"""

lemma card_Hcell_eq_if_card_eq:
  assumes "card L = card L'" "card K = card K'"
    and "K \<inter> L = {}" "K' \<inter> L' = {}"
    and "K \<union> L \<subseteq> {1..m}" "K' \<union> L' \<subseteq> {1..m}"
    and "nonconsecutive (K \<union> L)" "nonconsecutive (K' \<union> L')"
  shows "card (Hcell U A K L) = card (Hcell U A K' L')"
  using assms
proof (induction "card L" arbitrary: K L K' L')
  case 0
  have "finite L" "finite L'"
    using "0.prems"(5,6) finite_subset[OF _ finite_atLeastAtMost] by auto
  then have "L = {}" "L' = {}"
    using "0.hyps" "0.prems"(1) by simp_all
  with "0.prems" show ?case
    using card_Hcell_nonconsecutive_eq[of K K'] by simp
next
  case (Suc n)
  obtain x L0 where L: "L = insert x L0" "x \<notin> L0" "card L0 = n"
    using Suc.hyps(2) card_eq_SucD by metis
  obtain x' L0' where L': "L' = insert x' L0'" "x' \<notin> L0'" "card L0' = n"
    using Suc.hyps(2) Suc.prems(1) card_eq_SucD by metis
  have fin: "finite K" "finite K'"
    using Suc.prems(5,6) finite_subset[OF _ finite_atLeastAtMost] by auto
  have "x \<notin> K" "x' \<notin> K'"
    using Suc.prems(3,4) L L' by auto
  then have card_insert: "card (insert x K) = card (insert x' K')"
    using fin Suc.prems(2) by simp
  have "card (Hcell U A K L0) = card (Hcell U A K' L0')"
  proof (rule Suc.hyps(1))
    show "nonconsecutive (K \<union> L0)" "nonconsecutive (K' \<union> L0')"
      using Suc.prems(7,8) L L' by (auto intro: nonconsecutive_subset)
  qed (use Suc.prems L L' in auto)
  moreover have "card (Hcell U A (insert x K) L0) = card (Hcell U A (insert x' K') L0')"
  proof (rule Suc.hyps(1))
    show "nonconsecutive (insert x K \<union> L0)" "nonconsecutive (insert x' K' \<union> L0')"
      using Suc.prems(7,8) L L' by (auto intro: nonconsecutive_subset)
  qed (use Suc.prems L L' card_insert in auto)
  moreover note card_Hcell_split[OF finite_U, of A K L0 x]
    card_Hcell_split[OF finite_U, of A K' L0' x']
  ultimately show ?case unfolding L(1) L'(1) by linarith
qed

definition cell_size :: "nat \<Rightarrow> nat \<Rightarrow> nat" where
  "cell_size k l = card (Hcell U A (oddset 0 k) (oddset k (k + l)))"

lemma card_Hcell_eq_cell_size:
  assumes "K \<inter> L = {}" "K \<union> L \<subseteq> {1..m}" "nonconsecutive (K \<union> L)"
  shows "card (Hcell U A K L) = cell_size (card K) (card L)"
proof -
  have "finite K" "finite L"
    using assms(2) finite_subset[OF _ finite_atLeastAtMost] by auto
  with assms have "2 * (card K + card L) \<le> m + 1"
    using card_nonconsecutive_le card_Un_disjoint by metis
  then have "oddset 0 (card K + card L) \<subseteq> {1..m}"
    by (rule oddset_subset_atLeastAtMost)
  moreover have "oddset 0 (card K) \<union> oddset (card K) (card K + card L) = oddset 0 (card K + card L)"
    by (rule oddset_Un) simp_all
  ultimately show ?thesis
    unfolding cell_size_def using assms
    by (intro card_Hcell_eq_if_card_eq) (simp_all add: oddset_disjoint nonconsecutive_oddset)
qed

lemma cell_size_pascal:
  assumes "2 * (k + l + 1) \<le> m + 1"
  shows "cell_size k l = cell_size k (Suc l) + cell_size (Suc k) l"
proof -
  define x where "x = 2 * (k + l) + 1"
  have x_new: "x \<notin> oddset 0 k \<union> oddset k (k + l)"
    unfolding x_def oddset_def by auto
  have Un: "insert x (oddset 0 k) \<union> oddset k (k + l) = oddset 0 (Suc (k + l))"
    using oddset_Un[of 0 k "k + l"] insert_oddset[of 0 "k + l"] unfolding x_def by auto
  have "card (Hcell U A (insert x (oddset 0 k)) (oddset k (k + l)))
      = cell_size (card (insert x (oddset 0 k))) (card (oddset k (k + l)))"
  proof (rule card_Hcell_eq_cell_size)
    show "insert x (oddset 0 k) \<inter> oddset k (k + l) = {}"
      using x_new oddset_disjoint[of 0 k "k + l"] by blast
    show "insert x (oddset 0 k) \<union> oddset k (k + l) \<subseteq> {1..m}"
      unfolding Un using assms by (intro oddset_subset_atLeastAtMost) simp
    show "nonconsecutive (insert x (oddset 0 k) \<union> oddset k (k + l))"
      unfolding Un by (rule nonconsecutive_oddset)
  qed
  also have "\<dots> = cell_size (Suc k) l"
    using x_new by simp
  finally show ?thesis
    using card_Hcell_split[OF finite_U, of A "oddset 0 k" "oddset k (k + l)" x]
      insert_oddset[of k "k + l"]
    unfolding cell_size_def x_def by simp
qed

lemma cell_size_binomial_expansion:
  "2 * (k + l + t) \<le> m + 1 \<Longrightarrow>
    cell_size k l = (\<Sum>i\<le>t. (t choose i) * cell_size (k + i) (l + t - i))"
proof (induction t arbitrary: k l)
  case 0
  then show ?case by simp
next
  case (Suc t)
  define g where "g i = cell_size (k + i) (l + Suc t - i)" for i
  have "cell_size k l = cell_size k (Suc l) + cell_size (Suc k) l"
    using cell_size_pascal Suc.prems by simp
  also have "cell_size k (Suc l) = (\<Sum>i\<le>t. (t choose i) * g i)"
    using Suc.IH[of k "Suc l"] Suc.prems unfolding g_def by (simp add: Suc_diff_le)
  also have "cell_size (Suc k) l = (\<Sum>i\<le>t. (t choose i) * g (Suc i))"
    using Suc.IH[of "Suc k" l] Suc.prems unfolding g_def by simp
  also have "(\<Sum>i\<le>t. (t choose i) * g i) + (\<Sum>i\<le>t. (t choose i) * g (Suc i))
      = (\<Sum>i\<le>Suc t. (Suc t choose i) * g i)"
    by (rule sum_binomial_Suc_split[symmetric])
  finally show ?case unfolding g_def .
qed

lemma card_U_eq_cell_size: "card U = cell_size 0 0"
  unfolding cell_size_def oddset_def Hcell_def by simp

lemma quadratic_le_card_U:
  assumes "Hcell U A K L \<noteq> {}" "K \<inter> L = {}" "K \<union> L \<subseteq> {1..m}" "nonconsecutive (K \<union> L)"
    and "3 \<le> card K" "3 \<le> card L" "(m + 1) div 2 \<le> card K + card L + 3" "51 \<le> m"
  shows "m * (m - 2) \<le> card U"
proof -
  define R where "R = (m + 1) div 2"
  define k where "k = card K"
  define l where "l = card L"
  define t where "t = R - (k + l)"
  have "finite K" "finite L"
    using assms(3) finite_subset[OF _ finite_atLeastAtMost] by auto
  then have "2 * (k + l) \<le> m + 1"
    unfolding k_def l_def using assms(2-4) card_nonconsecutive_le card_Un_disjoint by metis
  then have klt: "k + l + t = R"
    unfolding t_def R_def by simp
  have "t \<le> 3"
    unfolding t_def R_def k_def l_def using assms(7) by linarith
  have expand: "cell_size a b = (\<Sum>i\<le>c. (c choose i) * cell_size (a + i) (R - (a + i)))"
    if "a + b + c = R" for a b c
  proof -
    have "R - (a + i) = b + c - i" for i
      using that by simp
    then show ?thesis
      using cell_size_binomial_expansion[of a b c] that unfolding R_def by simp
  qed
  have "finite (Hcell U A K L)"
    using finite_U unfolding Hcell_def by simp
  with assms(1) have "0 < card (Hcell U A K L)"
    by (simp add: card_gt_0_iff)
  then have "1 \<le> cell_size k l"
    unfolding k_def l_def using card_Hcell_eq_cell_size[OF assms(2-4)] by simp
  then have "m * (m - 2) \<le> m * (m - 2) * cell_size k l"
    by simp
  also have "\<dots> = (\<Sum>i\<le>t. m * (m - 2) * (t choose i) * cell_size (k + i) (R - (k + i)))"
    unfolding expand[OF klt] by (simp add: sum_distrib_left mult.assoc)
  also have "\<dots> \<le> (\<Sum>i\<le>t. (R choose (k + i)) * cell_size (k + i) (R - (k + i)))"
    using assms(5,6,8) klt \<open>t \<le> 3\<close> unfolding R_def
    by (intro sum_mono mult_right_mono quadratic_binomial_weight_le[where l = l])
      (auto simp: k_def l_def)
  also have "\<dots> = (\<Sum>j\<in>(+) k ` {..t}. (R choose j) * cell_size j (R - j))"
    by (simp add: sum.reindex)
  also have "\<dots> \<le> (\<Sum>j\<le>R. (R choose j) * cell_size j (R - j))"
    using klt by (intro sum_mono2) auto
  also have "\<dots> = card U"
    using expand[of 0 0 R] card_U_eq_cell_size by simp
  finally show ?thesis .
qed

"""

• _What you have to do_:
Among the entries above, how many lines hold the string "obtain"? Give the number by itself.

• _Solution below_:
2